■ **Supplied records**
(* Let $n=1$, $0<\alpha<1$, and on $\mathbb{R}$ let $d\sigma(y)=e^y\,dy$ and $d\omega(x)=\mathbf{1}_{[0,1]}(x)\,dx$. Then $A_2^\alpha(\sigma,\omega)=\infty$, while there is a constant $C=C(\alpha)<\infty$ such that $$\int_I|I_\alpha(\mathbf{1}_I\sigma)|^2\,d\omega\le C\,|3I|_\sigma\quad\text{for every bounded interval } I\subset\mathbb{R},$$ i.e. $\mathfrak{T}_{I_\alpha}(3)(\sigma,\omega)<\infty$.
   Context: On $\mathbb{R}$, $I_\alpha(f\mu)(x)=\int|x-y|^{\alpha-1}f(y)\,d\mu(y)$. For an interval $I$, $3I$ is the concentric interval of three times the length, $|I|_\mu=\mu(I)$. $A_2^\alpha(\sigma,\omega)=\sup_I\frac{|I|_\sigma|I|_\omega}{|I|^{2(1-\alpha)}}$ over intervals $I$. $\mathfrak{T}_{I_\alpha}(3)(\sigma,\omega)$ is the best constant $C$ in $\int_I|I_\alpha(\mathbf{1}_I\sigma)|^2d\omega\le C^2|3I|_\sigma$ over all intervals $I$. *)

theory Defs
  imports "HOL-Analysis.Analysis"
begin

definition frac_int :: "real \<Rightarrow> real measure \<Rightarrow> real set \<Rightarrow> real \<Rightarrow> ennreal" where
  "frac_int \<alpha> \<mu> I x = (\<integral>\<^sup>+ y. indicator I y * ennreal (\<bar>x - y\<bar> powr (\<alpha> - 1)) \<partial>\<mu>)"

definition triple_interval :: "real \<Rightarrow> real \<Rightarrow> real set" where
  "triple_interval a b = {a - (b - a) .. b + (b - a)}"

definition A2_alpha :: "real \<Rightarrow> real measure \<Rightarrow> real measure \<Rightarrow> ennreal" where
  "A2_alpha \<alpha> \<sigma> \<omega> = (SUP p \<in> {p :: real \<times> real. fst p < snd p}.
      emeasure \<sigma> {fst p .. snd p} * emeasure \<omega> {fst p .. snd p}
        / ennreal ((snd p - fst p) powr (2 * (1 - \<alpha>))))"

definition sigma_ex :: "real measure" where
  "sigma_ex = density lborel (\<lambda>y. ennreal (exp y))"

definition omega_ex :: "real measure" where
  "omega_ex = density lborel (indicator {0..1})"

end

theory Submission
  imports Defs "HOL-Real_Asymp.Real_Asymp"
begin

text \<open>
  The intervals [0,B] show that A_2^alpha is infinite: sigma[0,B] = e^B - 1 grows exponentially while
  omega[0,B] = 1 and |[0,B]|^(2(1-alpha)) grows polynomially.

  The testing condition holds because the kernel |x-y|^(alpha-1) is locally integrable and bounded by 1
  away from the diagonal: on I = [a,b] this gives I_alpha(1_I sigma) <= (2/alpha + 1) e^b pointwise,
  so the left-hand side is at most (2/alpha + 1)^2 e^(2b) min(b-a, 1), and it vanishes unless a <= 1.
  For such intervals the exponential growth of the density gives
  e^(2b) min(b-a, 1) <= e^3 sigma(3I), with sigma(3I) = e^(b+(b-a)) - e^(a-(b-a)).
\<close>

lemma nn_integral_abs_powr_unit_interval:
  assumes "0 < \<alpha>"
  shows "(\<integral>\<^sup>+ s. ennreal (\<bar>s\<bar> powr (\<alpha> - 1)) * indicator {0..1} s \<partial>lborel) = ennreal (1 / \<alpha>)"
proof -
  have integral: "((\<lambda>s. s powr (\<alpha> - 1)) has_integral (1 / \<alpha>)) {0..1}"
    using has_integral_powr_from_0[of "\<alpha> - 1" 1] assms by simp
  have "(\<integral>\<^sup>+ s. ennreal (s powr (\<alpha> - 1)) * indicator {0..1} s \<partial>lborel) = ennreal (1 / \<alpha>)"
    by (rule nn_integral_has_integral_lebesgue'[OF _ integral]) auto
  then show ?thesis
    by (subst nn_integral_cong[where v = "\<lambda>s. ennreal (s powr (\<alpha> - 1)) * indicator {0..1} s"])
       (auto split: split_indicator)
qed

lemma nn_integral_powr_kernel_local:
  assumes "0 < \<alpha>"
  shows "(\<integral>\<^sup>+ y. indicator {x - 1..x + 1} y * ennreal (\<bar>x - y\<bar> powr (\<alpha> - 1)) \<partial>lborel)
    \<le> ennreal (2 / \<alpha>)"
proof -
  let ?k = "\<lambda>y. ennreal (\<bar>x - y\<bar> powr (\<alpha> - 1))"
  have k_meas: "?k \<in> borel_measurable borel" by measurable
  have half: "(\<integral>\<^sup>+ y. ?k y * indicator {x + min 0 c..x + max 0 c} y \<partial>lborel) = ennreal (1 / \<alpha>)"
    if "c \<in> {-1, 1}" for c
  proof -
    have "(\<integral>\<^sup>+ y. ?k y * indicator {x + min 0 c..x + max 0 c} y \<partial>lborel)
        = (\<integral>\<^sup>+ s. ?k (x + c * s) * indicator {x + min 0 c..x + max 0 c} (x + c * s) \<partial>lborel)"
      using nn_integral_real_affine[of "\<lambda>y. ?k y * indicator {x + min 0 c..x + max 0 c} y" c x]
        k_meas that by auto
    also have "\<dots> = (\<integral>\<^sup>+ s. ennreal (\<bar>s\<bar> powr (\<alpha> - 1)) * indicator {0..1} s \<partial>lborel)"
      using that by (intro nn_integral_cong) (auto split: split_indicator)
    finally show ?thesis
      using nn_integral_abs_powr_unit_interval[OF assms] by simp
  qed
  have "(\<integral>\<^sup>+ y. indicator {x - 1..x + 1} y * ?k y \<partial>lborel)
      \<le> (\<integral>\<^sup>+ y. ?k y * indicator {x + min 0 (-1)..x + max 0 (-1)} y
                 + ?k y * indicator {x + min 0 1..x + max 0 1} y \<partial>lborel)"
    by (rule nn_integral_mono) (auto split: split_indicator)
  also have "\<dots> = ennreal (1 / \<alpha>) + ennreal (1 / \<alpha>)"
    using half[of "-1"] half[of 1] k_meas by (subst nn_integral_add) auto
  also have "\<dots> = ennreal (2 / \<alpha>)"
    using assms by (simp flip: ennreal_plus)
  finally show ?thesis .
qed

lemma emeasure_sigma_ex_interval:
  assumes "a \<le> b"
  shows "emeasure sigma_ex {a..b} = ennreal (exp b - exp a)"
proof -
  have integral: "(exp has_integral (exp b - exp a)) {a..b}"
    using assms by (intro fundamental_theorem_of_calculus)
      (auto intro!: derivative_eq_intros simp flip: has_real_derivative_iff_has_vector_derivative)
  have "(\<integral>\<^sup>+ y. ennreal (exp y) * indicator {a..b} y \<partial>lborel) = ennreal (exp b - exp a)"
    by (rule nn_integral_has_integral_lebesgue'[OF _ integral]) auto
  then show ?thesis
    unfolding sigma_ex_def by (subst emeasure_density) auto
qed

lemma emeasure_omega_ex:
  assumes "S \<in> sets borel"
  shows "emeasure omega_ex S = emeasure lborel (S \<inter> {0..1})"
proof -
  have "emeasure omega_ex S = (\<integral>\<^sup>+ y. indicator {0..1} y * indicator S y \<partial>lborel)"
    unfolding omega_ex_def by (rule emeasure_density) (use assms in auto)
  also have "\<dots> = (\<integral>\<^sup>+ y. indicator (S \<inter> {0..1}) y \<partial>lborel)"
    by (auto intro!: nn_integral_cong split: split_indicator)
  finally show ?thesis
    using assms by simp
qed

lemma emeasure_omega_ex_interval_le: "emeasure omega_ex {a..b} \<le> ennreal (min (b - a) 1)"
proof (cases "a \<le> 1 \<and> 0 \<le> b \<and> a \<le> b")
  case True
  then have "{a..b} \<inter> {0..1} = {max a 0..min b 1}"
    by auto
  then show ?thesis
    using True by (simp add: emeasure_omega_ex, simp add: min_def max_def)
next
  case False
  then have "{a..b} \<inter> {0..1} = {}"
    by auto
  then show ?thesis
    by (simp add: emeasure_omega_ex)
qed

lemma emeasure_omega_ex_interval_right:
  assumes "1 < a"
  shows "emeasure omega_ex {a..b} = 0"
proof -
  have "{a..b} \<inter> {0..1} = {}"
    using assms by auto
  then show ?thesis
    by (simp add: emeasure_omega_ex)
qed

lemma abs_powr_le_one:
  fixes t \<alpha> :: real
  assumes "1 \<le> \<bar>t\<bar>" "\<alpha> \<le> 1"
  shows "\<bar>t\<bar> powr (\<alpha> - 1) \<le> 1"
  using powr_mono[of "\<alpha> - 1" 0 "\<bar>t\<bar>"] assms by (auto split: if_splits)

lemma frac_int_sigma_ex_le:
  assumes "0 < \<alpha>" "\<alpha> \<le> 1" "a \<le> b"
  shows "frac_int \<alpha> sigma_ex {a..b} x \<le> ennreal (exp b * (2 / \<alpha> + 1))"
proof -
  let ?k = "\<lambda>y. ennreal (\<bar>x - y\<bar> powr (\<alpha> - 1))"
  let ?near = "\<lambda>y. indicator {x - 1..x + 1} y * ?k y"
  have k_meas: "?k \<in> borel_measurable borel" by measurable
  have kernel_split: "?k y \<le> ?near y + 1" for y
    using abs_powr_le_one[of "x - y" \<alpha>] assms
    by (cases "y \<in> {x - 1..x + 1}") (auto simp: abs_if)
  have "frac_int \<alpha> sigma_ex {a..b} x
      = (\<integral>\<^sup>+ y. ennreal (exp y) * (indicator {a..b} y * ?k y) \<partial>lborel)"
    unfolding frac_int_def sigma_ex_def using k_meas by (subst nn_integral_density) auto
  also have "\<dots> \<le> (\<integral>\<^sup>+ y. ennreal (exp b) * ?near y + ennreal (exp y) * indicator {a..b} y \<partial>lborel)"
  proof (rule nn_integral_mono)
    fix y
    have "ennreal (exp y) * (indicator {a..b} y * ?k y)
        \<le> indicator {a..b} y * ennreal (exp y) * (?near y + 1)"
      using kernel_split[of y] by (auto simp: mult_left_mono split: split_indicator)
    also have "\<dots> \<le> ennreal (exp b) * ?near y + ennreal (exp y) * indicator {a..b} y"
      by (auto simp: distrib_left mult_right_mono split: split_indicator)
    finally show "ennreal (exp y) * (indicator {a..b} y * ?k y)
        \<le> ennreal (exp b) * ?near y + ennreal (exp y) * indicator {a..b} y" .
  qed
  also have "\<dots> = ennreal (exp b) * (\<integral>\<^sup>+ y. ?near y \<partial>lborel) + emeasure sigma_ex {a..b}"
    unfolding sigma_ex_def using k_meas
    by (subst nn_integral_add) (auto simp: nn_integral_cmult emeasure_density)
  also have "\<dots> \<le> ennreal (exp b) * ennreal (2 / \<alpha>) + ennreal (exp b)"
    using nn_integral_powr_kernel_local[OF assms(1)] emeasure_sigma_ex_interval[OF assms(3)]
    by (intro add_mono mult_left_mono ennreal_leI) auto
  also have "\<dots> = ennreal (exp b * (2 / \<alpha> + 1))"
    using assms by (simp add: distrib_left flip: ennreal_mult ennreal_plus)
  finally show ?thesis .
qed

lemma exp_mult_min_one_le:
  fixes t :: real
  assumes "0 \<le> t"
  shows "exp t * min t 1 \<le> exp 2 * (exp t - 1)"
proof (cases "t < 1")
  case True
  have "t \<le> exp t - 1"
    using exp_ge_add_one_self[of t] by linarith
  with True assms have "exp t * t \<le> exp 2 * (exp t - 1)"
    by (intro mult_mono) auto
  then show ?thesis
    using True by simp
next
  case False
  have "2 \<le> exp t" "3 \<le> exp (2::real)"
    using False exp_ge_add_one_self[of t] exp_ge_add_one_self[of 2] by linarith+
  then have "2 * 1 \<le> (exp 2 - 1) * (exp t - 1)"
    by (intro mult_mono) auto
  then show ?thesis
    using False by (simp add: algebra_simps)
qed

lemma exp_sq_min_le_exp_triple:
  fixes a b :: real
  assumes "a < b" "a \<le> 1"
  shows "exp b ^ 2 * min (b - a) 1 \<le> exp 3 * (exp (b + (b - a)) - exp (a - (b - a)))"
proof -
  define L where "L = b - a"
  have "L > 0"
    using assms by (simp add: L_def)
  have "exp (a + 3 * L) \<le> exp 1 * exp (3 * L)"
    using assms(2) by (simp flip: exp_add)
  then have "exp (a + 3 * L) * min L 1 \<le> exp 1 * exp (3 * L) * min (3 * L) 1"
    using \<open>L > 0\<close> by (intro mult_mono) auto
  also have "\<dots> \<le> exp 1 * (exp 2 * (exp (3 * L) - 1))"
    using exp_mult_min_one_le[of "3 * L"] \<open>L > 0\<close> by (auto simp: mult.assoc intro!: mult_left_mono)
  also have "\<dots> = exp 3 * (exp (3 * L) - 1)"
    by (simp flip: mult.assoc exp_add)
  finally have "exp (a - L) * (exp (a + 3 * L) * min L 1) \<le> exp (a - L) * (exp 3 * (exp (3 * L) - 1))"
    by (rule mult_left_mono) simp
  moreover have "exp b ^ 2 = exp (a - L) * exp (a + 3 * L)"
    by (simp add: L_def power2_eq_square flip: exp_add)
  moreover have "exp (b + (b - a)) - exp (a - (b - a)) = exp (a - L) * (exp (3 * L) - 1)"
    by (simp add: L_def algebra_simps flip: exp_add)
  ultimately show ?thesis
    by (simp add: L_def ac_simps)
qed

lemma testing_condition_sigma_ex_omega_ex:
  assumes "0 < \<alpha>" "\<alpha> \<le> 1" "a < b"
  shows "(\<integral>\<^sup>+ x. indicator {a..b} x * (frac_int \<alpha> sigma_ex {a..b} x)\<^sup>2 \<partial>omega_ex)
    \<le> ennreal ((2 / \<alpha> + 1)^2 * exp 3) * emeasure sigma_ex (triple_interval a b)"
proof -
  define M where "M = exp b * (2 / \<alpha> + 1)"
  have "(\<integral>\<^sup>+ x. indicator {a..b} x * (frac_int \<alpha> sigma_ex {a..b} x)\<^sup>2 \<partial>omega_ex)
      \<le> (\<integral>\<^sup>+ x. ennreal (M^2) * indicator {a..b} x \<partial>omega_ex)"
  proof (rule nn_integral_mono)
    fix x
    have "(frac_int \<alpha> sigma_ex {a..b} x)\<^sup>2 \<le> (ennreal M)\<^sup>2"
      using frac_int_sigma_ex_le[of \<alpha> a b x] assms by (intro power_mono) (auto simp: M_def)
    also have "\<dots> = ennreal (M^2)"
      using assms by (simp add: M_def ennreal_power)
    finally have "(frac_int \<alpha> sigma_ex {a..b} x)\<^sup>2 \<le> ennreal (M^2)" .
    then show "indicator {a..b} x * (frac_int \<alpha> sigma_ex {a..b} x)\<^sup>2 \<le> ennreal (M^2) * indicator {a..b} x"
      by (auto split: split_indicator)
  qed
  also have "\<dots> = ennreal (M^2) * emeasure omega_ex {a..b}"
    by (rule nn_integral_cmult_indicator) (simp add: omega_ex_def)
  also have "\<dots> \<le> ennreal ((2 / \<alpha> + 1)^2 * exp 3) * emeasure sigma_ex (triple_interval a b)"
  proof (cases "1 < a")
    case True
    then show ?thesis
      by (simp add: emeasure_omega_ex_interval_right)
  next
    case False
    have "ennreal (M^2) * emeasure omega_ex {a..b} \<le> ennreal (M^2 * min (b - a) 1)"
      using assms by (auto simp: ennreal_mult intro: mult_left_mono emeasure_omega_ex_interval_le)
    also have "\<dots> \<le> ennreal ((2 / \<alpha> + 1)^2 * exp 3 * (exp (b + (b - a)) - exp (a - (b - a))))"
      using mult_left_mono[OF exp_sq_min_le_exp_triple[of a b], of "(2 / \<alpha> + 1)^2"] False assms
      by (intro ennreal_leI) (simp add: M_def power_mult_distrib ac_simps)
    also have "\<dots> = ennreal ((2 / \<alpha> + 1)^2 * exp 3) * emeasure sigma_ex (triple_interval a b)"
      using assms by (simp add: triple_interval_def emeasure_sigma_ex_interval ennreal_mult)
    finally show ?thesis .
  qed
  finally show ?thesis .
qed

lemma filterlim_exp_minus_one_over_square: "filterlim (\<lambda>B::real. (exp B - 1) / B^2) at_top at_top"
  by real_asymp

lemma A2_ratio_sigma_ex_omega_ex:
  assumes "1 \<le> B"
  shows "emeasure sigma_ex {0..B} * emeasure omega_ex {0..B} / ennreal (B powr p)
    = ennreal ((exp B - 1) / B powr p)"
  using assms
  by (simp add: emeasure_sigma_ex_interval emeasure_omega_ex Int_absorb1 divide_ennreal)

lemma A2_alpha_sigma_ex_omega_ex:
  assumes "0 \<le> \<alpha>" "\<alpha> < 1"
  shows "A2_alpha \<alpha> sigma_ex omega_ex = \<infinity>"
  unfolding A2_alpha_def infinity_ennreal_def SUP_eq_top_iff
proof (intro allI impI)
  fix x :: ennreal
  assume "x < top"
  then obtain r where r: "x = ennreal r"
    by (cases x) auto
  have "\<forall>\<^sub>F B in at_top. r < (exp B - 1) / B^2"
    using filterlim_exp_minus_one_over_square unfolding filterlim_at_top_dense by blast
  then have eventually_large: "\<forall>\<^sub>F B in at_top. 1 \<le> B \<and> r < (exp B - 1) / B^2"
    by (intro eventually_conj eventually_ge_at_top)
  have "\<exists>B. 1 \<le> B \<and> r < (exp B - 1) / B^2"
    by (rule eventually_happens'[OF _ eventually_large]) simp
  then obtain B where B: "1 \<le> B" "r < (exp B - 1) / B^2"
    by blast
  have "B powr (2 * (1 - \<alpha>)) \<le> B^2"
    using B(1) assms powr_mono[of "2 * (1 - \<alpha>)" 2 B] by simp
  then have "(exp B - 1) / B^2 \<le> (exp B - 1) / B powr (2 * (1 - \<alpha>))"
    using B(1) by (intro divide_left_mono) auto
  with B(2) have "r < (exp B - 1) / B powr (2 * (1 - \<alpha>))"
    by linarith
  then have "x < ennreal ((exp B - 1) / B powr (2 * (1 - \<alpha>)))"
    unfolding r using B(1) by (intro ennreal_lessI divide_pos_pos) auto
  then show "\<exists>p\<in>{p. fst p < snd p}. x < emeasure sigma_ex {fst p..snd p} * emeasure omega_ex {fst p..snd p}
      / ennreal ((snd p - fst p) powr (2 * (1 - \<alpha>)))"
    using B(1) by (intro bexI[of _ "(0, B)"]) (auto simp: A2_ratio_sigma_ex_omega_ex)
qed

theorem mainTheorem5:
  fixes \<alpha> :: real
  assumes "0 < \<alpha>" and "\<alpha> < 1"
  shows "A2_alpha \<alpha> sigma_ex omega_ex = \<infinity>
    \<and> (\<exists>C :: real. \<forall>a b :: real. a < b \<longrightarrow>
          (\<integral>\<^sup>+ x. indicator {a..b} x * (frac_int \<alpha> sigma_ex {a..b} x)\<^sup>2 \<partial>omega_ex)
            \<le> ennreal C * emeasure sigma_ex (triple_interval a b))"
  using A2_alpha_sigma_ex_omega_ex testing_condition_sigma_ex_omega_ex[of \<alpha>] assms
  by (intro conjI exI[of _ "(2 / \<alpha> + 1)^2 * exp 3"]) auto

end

■ **Work item**
The expected answer is an exact copy of the lines above, beginning at the line with "using False exp_ge_add_one_self[of" and ending at the line with "by (simp add: L_def power2_eq_square", with both ends in.

■ **Solution below**
    using False exp_ge_add_one_self[of t] exp_ge_add_one_self[of 2] by linarith+
  then have "2 * 1 \<le> (exp 2 - 1) * (exp t - 1)"
    by (intro mult_mono) auto
  then show ?thesis
    using False by (simp add: algebra_simps)
qed

lemma exp_sq_min_le_exp_triple:
  fixes a b :: real
  assumes "a < b" "a \<le> 1"
  shows "exp b ^ 2 * min (b - a) 1 \<le> exp 3 * (exp (b + (b - a)) - exp (a - (b - a)))"
proof -
  define L where "L = b - a"
  have "L > 0"
    using assms by (simp add: L_def)
  have "exp (a + 3 * L) \<le> exp 1 * exp (3 * L)"
    using assms(2) by (simp flip: exp_add)
  then have "exp (a + 3 * L) * min L 1 \<le> exp 1 * exp (3 * L) * min (3 * L) 1"
    using \<open>L > 0\<close> by (intro mult_mono) auto
  also have "\<dots> \<le> exp 1 * (exp 2 * (exp (3 * L) - 1))"
    using exp_mult_min_one_le[of "3 * L"] \<open>L > 0\<close> by (auto simp: mult.assoc intro!: mult_left_mono)
  also have "\<dots> = exp 3 * (exp (3 * L) - 1)"
    by (simp flip: mult.assoc exp_add)
  finally have "exp (a - L) * (exp (a + 3 * L) * min L 1) \<le> exp (a - L) * (exp 3 * (exp (3 * L) - 1))"
    by (rule mult_left_mono) simp
  moreover have "exp b ^ 2 = exp (a - L) * exp (a + 3 * L)"
    by (simp add: L_def power2_eq_square flip: exp_add)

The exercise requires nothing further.